### Try it
Filter the records below for the word "assms". Keep each line that has it.

• • • • • • •

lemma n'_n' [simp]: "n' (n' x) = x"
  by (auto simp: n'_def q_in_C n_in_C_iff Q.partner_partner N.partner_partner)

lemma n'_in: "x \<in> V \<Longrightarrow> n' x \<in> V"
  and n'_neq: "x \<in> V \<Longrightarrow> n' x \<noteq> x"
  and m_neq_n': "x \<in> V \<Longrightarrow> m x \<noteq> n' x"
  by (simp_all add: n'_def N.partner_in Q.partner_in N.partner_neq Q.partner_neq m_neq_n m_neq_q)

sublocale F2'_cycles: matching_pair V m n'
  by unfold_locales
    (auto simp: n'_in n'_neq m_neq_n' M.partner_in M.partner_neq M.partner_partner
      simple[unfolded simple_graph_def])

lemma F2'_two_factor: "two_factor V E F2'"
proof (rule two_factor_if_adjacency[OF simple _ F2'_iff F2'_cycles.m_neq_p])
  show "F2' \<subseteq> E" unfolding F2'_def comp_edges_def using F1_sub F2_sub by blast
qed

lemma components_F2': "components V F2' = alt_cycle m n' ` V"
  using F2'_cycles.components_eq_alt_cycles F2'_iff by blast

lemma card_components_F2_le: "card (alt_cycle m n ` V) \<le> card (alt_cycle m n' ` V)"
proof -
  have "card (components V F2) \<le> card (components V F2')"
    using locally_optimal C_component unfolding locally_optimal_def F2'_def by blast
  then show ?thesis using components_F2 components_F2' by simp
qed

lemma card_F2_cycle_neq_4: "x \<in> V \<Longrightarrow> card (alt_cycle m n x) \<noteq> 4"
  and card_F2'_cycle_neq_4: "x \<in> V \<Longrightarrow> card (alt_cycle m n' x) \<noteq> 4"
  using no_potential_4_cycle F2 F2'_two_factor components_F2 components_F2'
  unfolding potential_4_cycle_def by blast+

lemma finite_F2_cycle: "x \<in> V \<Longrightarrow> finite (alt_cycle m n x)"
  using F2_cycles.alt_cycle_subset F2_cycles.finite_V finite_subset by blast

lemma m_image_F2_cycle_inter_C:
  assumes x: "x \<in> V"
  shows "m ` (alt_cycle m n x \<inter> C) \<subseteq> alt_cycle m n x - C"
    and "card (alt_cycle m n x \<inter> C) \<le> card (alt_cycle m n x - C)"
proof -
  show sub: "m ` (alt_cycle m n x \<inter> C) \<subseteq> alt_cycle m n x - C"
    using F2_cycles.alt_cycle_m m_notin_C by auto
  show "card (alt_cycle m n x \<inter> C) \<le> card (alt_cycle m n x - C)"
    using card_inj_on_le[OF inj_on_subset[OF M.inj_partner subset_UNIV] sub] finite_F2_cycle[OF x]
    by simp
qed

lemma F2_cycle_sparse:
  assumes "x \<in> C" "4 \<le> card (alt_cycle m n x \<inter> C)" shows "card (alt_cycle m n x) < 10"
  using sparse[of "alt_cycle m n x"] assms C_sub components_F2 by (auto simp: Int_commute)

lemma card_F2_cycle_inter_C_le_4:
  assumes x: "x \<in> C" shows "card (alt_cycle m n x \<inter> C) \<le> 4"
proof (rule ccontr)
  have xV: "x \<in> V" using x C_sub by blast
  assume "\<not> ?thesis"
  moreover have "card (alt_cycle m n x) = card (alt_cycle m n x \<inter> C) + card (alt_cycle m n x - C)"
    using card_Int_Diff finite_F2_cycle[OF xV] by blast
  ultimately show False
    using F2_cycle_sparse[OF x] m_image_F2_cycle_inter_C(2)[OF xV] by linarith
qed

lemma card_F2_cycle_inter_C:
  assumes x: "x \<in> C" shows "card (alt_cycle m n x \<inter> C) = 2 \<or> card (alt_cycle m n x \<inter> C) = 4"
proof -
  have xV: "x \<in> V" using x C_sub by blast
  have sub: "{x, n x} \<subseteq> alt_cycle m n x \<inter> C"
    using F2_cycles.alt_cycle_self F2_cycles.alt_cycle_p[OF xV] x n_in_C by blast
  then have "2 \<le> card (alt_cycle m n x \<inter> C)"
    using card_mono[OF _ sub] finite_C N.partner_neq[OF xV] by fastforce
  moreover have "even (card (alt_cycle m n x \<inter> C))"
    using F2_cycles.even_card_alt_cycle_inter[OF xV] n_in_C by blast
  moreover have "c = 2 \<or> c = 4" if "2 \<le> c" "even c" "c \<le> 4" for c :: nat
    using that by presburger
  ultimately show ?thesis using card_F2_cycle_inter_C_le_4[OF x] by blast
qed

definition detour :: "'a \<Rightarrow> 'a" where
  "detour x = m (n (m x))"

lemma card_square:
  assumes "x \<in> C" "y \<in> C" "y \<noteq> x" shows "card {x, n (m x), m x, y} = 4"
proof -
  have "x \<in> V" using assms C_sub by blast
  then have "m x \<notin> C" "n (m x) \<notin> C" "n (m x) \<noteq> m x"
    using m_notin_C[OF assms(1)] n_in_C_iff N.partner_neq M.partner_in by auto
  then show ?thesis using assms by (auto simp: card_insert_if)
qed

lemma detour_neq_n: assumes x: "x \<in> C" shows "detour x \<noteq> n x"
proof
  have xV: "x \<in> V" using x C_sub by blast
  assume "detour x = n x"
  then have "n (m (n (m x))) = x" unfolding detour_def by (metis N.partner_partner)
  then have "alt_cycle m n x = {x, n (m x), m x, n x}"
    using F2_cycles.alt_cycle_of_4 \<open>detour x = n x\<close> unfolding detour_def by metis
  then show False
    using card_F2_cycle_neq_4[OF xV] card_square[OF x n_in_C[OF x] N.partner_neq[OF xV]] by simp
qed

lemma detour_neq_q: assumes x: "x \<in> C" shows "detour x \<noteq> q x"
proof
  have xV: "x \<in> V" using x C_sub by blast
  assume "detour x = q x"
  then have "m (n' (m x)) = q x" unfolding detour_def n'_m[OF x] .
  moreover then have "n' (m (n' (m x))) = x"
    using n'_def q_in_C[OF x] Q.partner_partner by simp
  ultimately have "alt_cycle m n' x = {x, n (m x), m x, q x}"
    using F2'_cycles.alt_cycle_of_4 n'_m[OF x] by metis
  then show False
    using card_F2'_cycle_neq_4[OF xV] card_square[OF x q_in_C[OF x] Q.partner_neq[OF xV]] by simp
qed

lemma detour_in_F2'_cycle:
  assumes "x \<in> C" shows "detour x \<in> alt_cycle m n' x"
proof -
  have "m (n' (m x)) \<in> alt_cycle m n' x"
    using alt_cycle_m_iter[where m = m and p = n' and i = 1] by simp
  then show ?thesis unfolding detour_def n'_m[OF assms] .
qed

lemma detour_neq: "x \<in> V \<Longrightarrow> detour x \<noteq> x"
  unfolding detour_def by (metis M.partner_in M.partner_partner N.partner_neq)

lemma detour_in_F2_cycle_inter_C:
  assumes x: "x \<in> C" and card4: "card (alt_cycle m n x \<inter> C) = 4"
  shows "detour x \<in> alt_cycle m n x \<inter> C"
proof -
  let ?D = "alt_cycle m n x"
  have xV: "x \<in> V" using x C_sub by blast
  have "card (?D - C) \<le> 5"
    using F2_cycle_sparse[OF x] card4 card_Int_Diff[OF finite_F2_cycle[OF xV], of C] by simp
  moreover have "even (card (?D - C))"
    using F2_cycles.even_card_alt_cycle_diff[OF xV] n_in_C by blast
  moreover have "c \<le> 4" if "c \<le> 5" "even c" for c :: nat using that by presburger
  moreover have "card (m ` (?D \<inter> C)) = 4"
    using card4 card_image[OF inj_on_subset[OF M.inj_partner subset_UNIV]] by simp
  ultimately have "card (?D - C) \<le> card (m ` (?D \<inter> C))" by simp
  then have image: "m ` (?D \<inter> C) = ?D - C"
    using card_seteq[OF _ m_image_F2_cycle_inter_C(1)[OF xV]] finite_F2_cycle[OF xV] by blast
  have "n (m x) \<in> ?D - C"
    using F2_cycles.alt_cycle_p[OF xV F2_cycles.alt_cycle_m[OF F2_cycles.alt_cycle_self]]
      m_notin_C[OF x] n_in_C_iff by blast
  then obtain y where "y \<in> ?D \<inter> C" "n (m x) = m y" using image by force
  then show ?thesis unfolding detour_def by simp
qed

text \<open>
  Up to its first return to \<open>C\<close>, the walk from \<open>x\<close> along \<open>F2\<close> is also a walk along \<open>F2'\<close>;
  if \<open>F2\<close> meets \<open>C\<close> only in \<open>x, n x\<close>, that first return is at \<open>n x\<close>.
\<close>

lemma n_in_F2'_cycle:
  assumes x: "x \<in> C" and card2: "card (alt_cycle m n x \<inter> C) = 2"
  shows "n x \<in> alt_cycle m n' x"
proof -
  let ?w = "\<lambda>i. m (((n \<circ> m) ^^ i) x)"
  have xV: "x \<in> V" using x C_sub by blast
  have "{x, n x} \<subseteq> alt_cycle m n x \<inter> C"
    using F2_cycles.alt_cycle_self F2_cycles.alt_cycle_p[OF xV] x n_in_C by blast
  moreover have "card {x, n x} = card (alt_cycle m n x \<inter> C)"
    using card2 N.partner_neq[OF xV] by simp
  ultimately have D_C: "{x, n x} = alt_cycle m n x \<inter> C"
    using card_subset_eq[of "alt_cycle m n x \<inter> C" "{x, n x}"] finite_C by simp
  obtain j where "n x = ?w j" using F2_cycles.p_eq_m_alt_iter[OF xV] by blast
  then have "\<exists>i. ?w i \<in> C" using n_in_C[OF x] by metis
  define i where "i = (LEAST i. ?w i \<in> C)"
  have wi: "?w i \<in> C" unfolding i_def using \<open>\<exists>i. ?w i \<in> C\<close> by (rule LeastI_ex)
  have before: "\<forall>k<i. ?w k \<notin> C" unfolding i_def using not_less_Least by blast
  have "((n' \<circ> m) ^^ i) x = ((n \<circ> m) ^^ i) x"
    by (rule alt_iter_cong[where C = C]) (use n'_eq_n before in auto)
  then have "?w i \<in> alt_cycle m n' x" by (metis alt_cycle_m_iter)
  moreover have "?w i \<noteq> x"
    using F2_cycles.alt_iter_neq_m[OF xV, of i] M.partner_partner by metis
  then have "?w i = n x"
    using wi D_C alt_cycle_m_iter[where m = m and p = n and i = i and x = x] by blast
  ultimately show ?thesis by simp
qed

• • • • • • •

### Output for this exercise
  using sparse[of "alt_cycle m n x"] assms C_sub components_F2 by (auto simp: Int_commute)
  have "x \<in> V" using assms C_sub by blast
    using m_notin_C[OF assms(1)] n_in_C_iff N.partner_neq M.partner_in by auto
  then show ?thesis using assms by (auto simp: card_insert_if)
  then show ?thesis unfolding detour_def n'_m[OF assms] .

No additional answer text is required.